What you will do
Within the listing below, count the lines that include "obtain" and give the count alone.

Records supplied

lemma sum_cycle_weight:
  assumes "finite A"
  shows "(\<Sum>p | p permutes A. cycle_weight f h A p) = cycle_weight_sum f (card A) h"
  using assms
proof (induction "card A" arbitrary: A h rule: less_induct)
  case less
  show ?case
  proof (cases "A = {}")
    case True
    then show ?thesis by (simp add: cycle_weight_def)
  next
    case False
    then obtain a where a: "a \<in> A" by auto
    define m where "m = card (A - {a})"
    have card_A: "card A = Suc m" unfolding m_def by (rule card_Suc_Diff1[symmetric, OF less.prems a])
    have "(\<Sum>p | p permutes A. cycle_weight f h A p) =
      (\<Sum>bs | distinct bs \<and> set bs \<subseteq> A - {a}. f (Suc (length bs)) *
         cycle_weight_sum f (m - length bs) (h \<circ> Suc))"
      unfolding sum_permutes_by_cycle_through[OF less.prems a]
    proof (rule sum.cong[OF refl])
      fix bs assume "bs \<in> {bs. distinct bs \<and> set bs \<subseteq> A - {a}}"
      then have bs: "distinct (a # bs)" "set (a # bs) \<subseteq> A" using a by auto
      define B where "B = A - insert a (set bs)"
      have B: "set (a # bs) \<inter> B = {}" "set (a # bs) \<union> B = A" "finite B"
        using bs less.prems by (auto simp: B_def)
      have "card B = m - length bs"
        using bs less.prems unfolding B_def m_def by (simp add: card_Diff_subset distinct_card)
      moreover have "card B < card A" using card_A calculation by simp
      ultimately have "(\<Sum>r | r permutes B. cycle_weight f (h \<circ> Suc) B r) =
          cycle_weight_sum f (m - length bs) (h \<circ> Suc)"
        using less.hyps B(3) by metis
      then show "(\<Sum>r | r permutes B. cycle_weight f h A (prepend_cycle (a # bs) r)) =
          f (Suc (length bs)) * cycle_weight_sum f (m - length bs) (h \<circ> Suc)"
        using cycle_weight_prepend_cycle[OF bs(1) _ _ B(1) B(3), of _ f h] B(2)
        by (simp add: sum_distrib_left[symmetric])
    qed
    also have "\<dots> = cycle_weight_sum f (card A) h"
      unfolding sum_distinct_lists_by_length[where g = "\<lambda>k. f (Suc k) * cycle_weight_sum f (m - k) (h \<circ> Suc)",
        OF finite_Diff[OF less.prems]]
      by (simp add: card_A m_def mult.assoc)
    finally show ?thesis .
  qed
qed

lemma cycle_weight_sum_eq_sum:
  "cycle_weight_sum f n h = (\<Sum>p | p permutes {..<n}. cycle_weight f h {..<n} p)"
  using sum_cycle_weight[of "{..<n}" f h] by simp

lemma cycle_weight_sum_add:
  "cycle_weight_sum f n (\<lambda>j. h1 j + h2 j) = cycle_weight_sum f n h1 + cycle_weight_sum f n h2"
  unfolding cycle_weight_sum_eq_sum cycle_weight_def by (simp add: distrib_left sum.distrib)

lemma cycle_weight_sum_cmult: "cycle_weight_sum f n (\<lambda>j. c * h j) = c * cycle_weight_sum f n h"
  unfolding cycle_weight_sum_eq_sum cycle_weight_def by (simp add: sum_distrib_left mult_ac)

lemma cycle_weight_sum_nonneg:
  assumes "\<And>k. 0 \<le> f (Suc k)" and "\<And>j. 0 \<le> h j"
  shows "0 \<le> cycle_weight_sum f n h"
  using assms(2)
proof (induction n arbitrary: h rule: less_induct)
  case (less n)
  then show ?case
    using assms(1) by (cases n) (auto intro!: sum_nonneg mult_nonneg_nonneg)
qed

section \<open>The Boltzmann measure as a series\<close>

lemma pcycle_eq_orbit: "p permutes {..<n} \<Longrightarrow> pcycle p a = orbit p a"
  unfolding pcycle_def
  by (rule orbit_altdef_permutation[symmetric]) (meson finite_lessThan permutation_permutes)

lemma cycles_of_eq_orbits: "p permutes {..<n} \<Longrightarrow> cycles_of n p = orbit p ` {..<n}"
  unfolding cycles_of_def using pcycle_eq_orbit by auto

lemma wt_eq_prod_orbits:
  assumes p: "p permutes {..<n}"
  shows "wt \<sigma> (n, p) = (\<Prod>C \<in> orbit p ` {..<n}. \<sigma> (card C))"
proof -
  let ?S = "orbit p ` {..<n}"
  have "card ` ?S \<subseteq> {1..n}"
  proof
    fix i assume "i \<in> card ` ?S"
    then obtain a where a: "a < n" "i = card (orbit p a)" by auto
    have sub: "orbit p a \<subseteq> {..<n}" using permutes_orbit_subset[OF p] a by simp
    then have "card (orbit p a) \<le> n" using card_mono[OF _ sub] by simp
    moreover have "orbit p a \<noteq> {}" "finite (orbit p a)"
      using orbit_nonempty[of p a] finite_subset[OF sub] by auto
    ultimately show "i \<in> {1..n}" using a by (simp add: Suc_leI card_gt_0_iff)
  qed
  then have "(\<Prod>C \<in> ?S. \<sigma> (card C)) = (\<Prod>i\<in>{1..n}. \<Prod>C | C \<in> ?S \<and> card C = i. \<sigma> (card C))"
    by (intro prod.group[symmetric]) auto
  also have "\<dots> = (\<Prod>i\<in>{1..n}. \<sigma> i ^ card {C \<in> ?S. card C = i})"
    by (intro prod.cong refl) (simp add: prod_constant[symmetric] del: prod_constant)
  finally show ?thesis by (simp add: wt_def ncyc_def cycles_of_eq_orbits[OF p])
qed

lemma sum_wt_cycle_function:
  "(\<Sum>p | p permutes {..<n}. wt \<sigma> (n, p) * h (card (cycles_of n p))) = cycle_weight_sum \<sigma> n h"
  unfolding cycle_weight_sum_eq_sum cycle_weight_def
  by (intro sum.cong refl) (simp add: wt_eq_prod_orbits cycles_of_eq_orbits)

lemma nn_integral_perm_space:
  "(\<integral>\<^sup>+y. F y \<partial>count_space perm_space) = (\<Sum>n. \<Sum>p | p permutes {..<n}. F (n, p))"
proof -
  define P where "P n = Pair n ` {p. p permutes {..<n}}" for n :: nat
  have P_finite: "finite (P n)" for n unfolding P_def by (intro finite_imageI finite_permutations) simp
  have indicator_sum: "F y * indicator perm_space y = (\<Sum>n. F y * indicator (P n) y)" for y
  proof -
    have "y \<notin> P n" if "n \<noteq> fst y" for n using that by (auto simp: P_def)
    then have "(\<Sum>n. F y * indicator (P n) y) = (\<Sum>n\<in>{fst y}. F y * indicator (P n) y)"
      by (intro suminf_finite) auto
    moreover have "y \<in> P (fst y) \<longleftrightarrow> y \<in> perm_space"
      by (cases y) (auto simp: P_def perm_space_def)
    ultimately show ?thesis by (simp add: indicator_def)
  qed
  have "(\<integral>\<^sup>+y. F y \<partial>count_space perm_space) =
      (\<integral>\<^sup>+y. F y * indicator perm_space y \<partial>count_space UNIV)"
    by (rule nn_integral_count_space_indicator) (simp add: NO_MATCH_def)
  also have "\<dots> = (\<integral>\<^sup>+y. (\<Sum>n. F y * indicator (P n) y) \<partial>count_space UNIV)"
    by (simp only: indicator_sum)
  also have "\<dots> = (\<Sum>n. \<integral>\<^sup>+y. F y * indicator (P n) y \<partial>count_space UNIV)"
    by (rule nn_integral_suminf) simp
  also have "\<dots> = (\<Sum>n. \<Sum>y\<in>P n. F y)"
    by (simp add: nn_integral_count_space_indicator[symmetric] NO_MATCH_def
        nn_integral_count_space_finite[OF P_finite])
  also have "\<dots> = (\<Sum>n. \<Sum>p | p permutes {..<n}. F (n, p))"
    unfolding P_def by (subst sum.reindex) (auto simp: inj_on_def)
  finally show ?thesis .
qed
definition fscale :: "'a::field \<Rightarrow> ('b \<Rightarrow> 'a) \<Rightarrow> ('b \<Rightarrow> 'a)" where
  "fscale a f = (\<lambda>x. a * f x)"

lemma vector_space_fscale: "vector_space (fscale :: 'a::field \<Rightarrow> ('b \<Rightarrow> 'a) \<Rightarrow> _)"
  by unfold_locales (auto simp: fscale_def algebra_simps fun_eq_iff)

definition tau :: "nat \<Rightarrow> nat \<Rightarrow> (nat \<Rightarrow> nat) \<Rightarrow> (nat \<Rightarrow> nat \<Rightarrow> nat) \<Rightarrow> nat" where
  "tau n d b \<Gamma> = (\<Sum>j<n. b j * (\<Sum>i<d. \<Gamma> i j))"

definition q_poly :: "nat \<Rightarrow> nat \<Rightarrow> (nat \<Rightarrow> nat) \<Rightarrow> (nat \<Rightarrow> nat \<Rightarrow> 'a::field_char_0)
    \<Rightarrow> nat \<Rightarrow> 'a mpoly_coeffs" where
  "q_poly n d b c m \<alpha> =
     (\<Sum>\<Gamma> \<in> {\<Gamma>. (\<forall>i j. (d \<le> i \<or> n \<le> j) \<longrightarrow> \<Gamma> i j = 0)
               \<and> (\<forall>i. d \<le> i \<longrightarrow> \<alpha> i = 0)
               \<and> (\<forall>i<d. (\<Sum>j<n. \<Gamma> i j) = \<alpha> i)
               \<and> tau n d b \<Gamma> = m}.
        (\<Prod>i<d. \<Prod>j<n. c i j ^ \<Gamma> i j / fact (\<Gamma> i j)))"

text \<open>Q = span{q_{n,m} : m = 0..b_n}, where b_n = b (n-1) in 0-based indexing.\<close>
definition Q_space :: "nat \<Rightarrow> nat \<Rightarrow> (nat \<Rightarrow> nat) \<Rightarrow> (nat \<Rightarrow> nat \<Rightarrow> 'a::field_char_0)
    \<Rightarrow> 'a mpoly_coeffs set" where
  "Q_space n d b c =
     {p. \<exists>a :: nat \<Rightarrow> 'a. p = (\<lambda>\<alpha>. \<Sum>m\<le>b (n - 1). a m * q_poly n d b c m \<alpha>)}"

definition deg_le_one :: "nat \<Rightarrow> 'a::zero mpoly_coeffs \<Rightarrow> bool" where
  "deg_le_one d p \<longleftrightarrow>
     (\<forall>\<alpha>. p \<alpha> \<noteq> 0 \<longrightarrow> (\<forall>i. d \<le> i \<longrightarrow> \<alpha> i = 0) \<and> (\<Sum>i<d. \<alpha> i) \<le> 1)"

definition lin_part :: "nat \<Rightarrow> 'a::zero mpoly_coeffs \<Rightarrow> (nat \<Rightarrow> 'a)" where
  "lin_part d p = (\<lambda>j. if j < d then p (\<lambda>i. if i = j then 1 else 0) else 0)"

definition breadth :: "nat \<Rightarrow> 'a::field mpoly_coeffs set \<Rightarrow> nat" where
  "breadth d P = vector_space.dim (fscale :: 'a \<Rightarrow> (nat \<Rightarrow> 'a) \<Rightarrow> _)
                   (lin_part d ` {p \<in> P. deg_le_one d p})"

end

theory Submission
  imports Defs
begin

text \<open>Since every weight is at least 1, the coefficient of x^alpha in q_{n,m} vanishes
  unless |alpha| \<le> m; and since only the first weight equals 1, in degree |alpha| = m the
  single contributing tuple puts all its mass in the first coordinate.  So q_{n,m} has
  total degree m with top homogeneous part (c_{1,1} x_1 + ... + c_{d,1} x_d)^m / m!, which is
  nonzero.  Hence a combination of the q_{n,m} of degree at most one uses only q_{n,0} and
  q_{n,1}, and every linear part is a multiple of that of q_{n,1}, which itself is nonzero.\<close>

lemma tau_eq_degree_plus_excess:
  assumes "\<And>j. j < n \<Longrightarrow> 1 \<le> b j"
    and "\<And>i. i < d \<Longrightarrow> (\<Sum>j<n. \<Gamma> i j) = \<alpha> i"
  shows "tau n d b \<Gamma> = (\<Sum>i<d. \<alpha> i) + (\<Sum>j<n. (b j - 1) * (\<Sum>i<d. \<Gamma> i j))"
proof -
  have "(\<Sum>i<d. \<alpha> i) = (\<Sum>j<n. \<Sum>i<d. \<Gamma> i j)"
    using assms(2) by (simp add: sum.swap[of _ "{..<d}"])
  moreover have "b j * s = s + (b j - 1) * s" if "j < n" for j s
    using assms(1)[OF that] by (simp add: diff_mult_distrib)
  ultimately show ?thesis
    unfolding tau_def by (simp add: sum.distrib[symmetric])
qed

lemma degree_le_tau:
  assumes "\<And>j. j < n \<Longrightarrow> 1 \<le> b j"
    and "\<And>i. i < d \<Longrightarrow> (\<Sum>j<n. \<Gamma> i j) = \<alpha> i"
  shows "(\<Sum>i<d. \<alpha> i) \<le> tau n d b \<Gamma>"
  using tau_eq_degree_plus_excess[OF assms] by simp

lemma tau_eq_degree_imp_vanish:
  assumes "\<And>j. j < n \<Longrightarrow> 1 \<le> b j" and "\<And>j. 1 \<le> j \<Longrightarrow> j < n \<Longrightarrow> 2 \<le> b j"
    and "\<And>i. i < d \<Longrightarrow> (\<Sum>j<n. \<Gamma> i j) = \<alpha> i"
    and "tau n d b \<Gamma> = (\<Sum>i<d. \<alpha> i)"
    and "i < d" "1 \<le> j" "j < n"
  shows "\<Gamma> i j = 0"
proof -
  have "(\<Sum>j<n. (b j - 1) * (\<Sum>i<d. \<Gamma> i j)) = 0"
    using tau_eq_degree_plus_excess[OF assms(1,3)] assms(4) by simp
  hence "(b j - 1) * (\<Sum>i<d. \<Gamma> i j) = 0"
    using assms(7) by simp
  moreover have "\<Gamma> i j \<le> (\<Sum>i<d. \<Gamma> i j)"
    using assms(5) by (intro member_le_sum) auto
  ultimately show ?thesis
    using assms(2)[OF assms(6,7)] by simp
qed

lemma q_poly_eq_0_if_not_supported:
  assumes "\<not> (\<forall>i. d \<le> i \<longrightarrow> \<alpha> i = 0)"
  shows "q_poly n d b c m \<alpha> = 0"
  using assms unfolding q_poly_def by (intro sum.neutral) auto

lemma q_poly_mem_Q_space:
  assumes "m \<le> b (n - 1)"
  shows "q_poly n d b c m \<in> Q_space n d b c"
proof -
  have "{..b (n - 1)} \<inter> {k. k = m} = {m}"
    using assms by auto
  hence "q_poly n d b c m = (\<lambda>\<alpha>. \<Sum>k\<le>b (n - 1). of_bool (k = m) * q_poly n d b c k \<alpha>)"
    by simp
  thus ?thesis
    unfolding Q_space_def by (intro CollectI exI)
qed

definition single_exp :: "nat \<Rightarrow> nat \<Rightarrow> nat \<Rightarrow> nat" where
  "single_exp i k = (\<lambda>l. if l = i then k else 0)"

lemma sum_single_exp: "i < d \<Longrightarrow> (\<Sum>l<d. single_exp i k l) = k"
  by (simp add: single_exp_def)

locale admissible_weights =
  fixes n :: nat and b :: "nat \<Rightarrow> nat"
  assumes n_pos: "0 < n"
    and b_0: "b 0 = 1"
    and b_ge_2: "\<And>j. 1 \<le> j \<Longrightarrow> j < n \<Longrightarrow> 2 \<le> b j"
begin

lemma b_pos: "j < n \<Longrightarrow> 1 \<le> b j"
  using b_0 b_ge_2[of j] by (cases j) auto

lemma q_poly_eq_0_if_degree_gt:
  assumes "m < (\<Sum>i<d. \<alpha> i)"
  shows "q_poly n d b c m \<alpha> = 0"
proof -
  have "tau n d b \<Gamma> \<noteq> m" if "\<And>i. i < d \<Longrightarrow> (\<Sum>j<n. \<Gamma> i j) = \<alpha> i" for \<Gamma>
  proof -
    have "(\<Sum>i<d. \<alpha> i) \<le> tau n d b \<Gamma>"
      by (rule degree_le_tau) (use b_pos that in auto)
    thus ?thesis
      using assms by simp
  qed
  thus ?thesis
    unfolding q_poly_def by (intro sum.neutral) auto
qed

lemma tau_first_column: "tau n d b (\<lambda>i j. if i < d \<and> j = 0 then \<alpha> i else 0) = (\<Sum>i<d. \<alpha> i)"
proof -
  have "b j * (\<Sum>i<d. if i < d \<and> j = 0 then \<alpha> i else 0) = (if j = 0 then \<Sum>i<d. \<alpha> i else 0)" for j
    using b_0 by simp
  thus ?thesis
    using n_pos unfolding tau_def by simp
qed

lemma top_degree_tuple_unique:
  assumes "\<forall>i j. d \<le> i \<or> n \<le> j \<longrightarrow> \<Gamma> i j = 0"
    and "\<And>i. i < d \<Longrightarrow> (\<Sum>j<n. \<Gamma> i j) = \<alpha> i"
    and "tau n d b \<Gamma> = (\<Sum>i<d. \<alpha> i)"
  shows "\<Gamma> = (\<lambda>i j. if i < d \<and> j = 0 then \<alpha> i else 0)"
proof -
  have off_first: "\<Gamma> i j = 0" if "\<not> (i < d \<and> j = 0)" for i j
    using assms(1) tau_eq_degree_imp_vanish[OF b_pos b_ge_2 assms(2,3)] that
    by (cases "d \<le> i \<or> n \<le> j") auto
  show ?thesis
  proof (intro ext)
    fix i j
    show "\<Gamma> i j = (if i < d \<and> j = 0 then \<alpha> i else 0)"
    proof (cases "i < d \<and> j = 0")
      case True
      have "(\<Sum>j<n. \<Gamma> i j) = \<Gamma> i 0"
        using n_pos off_first True by (subst sum.remove[of _ 0]) auto
      thus ?thesis
        using assms(2) True by simp
    qed (use off_first in auto)
  qed
qed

Result of this exercise
2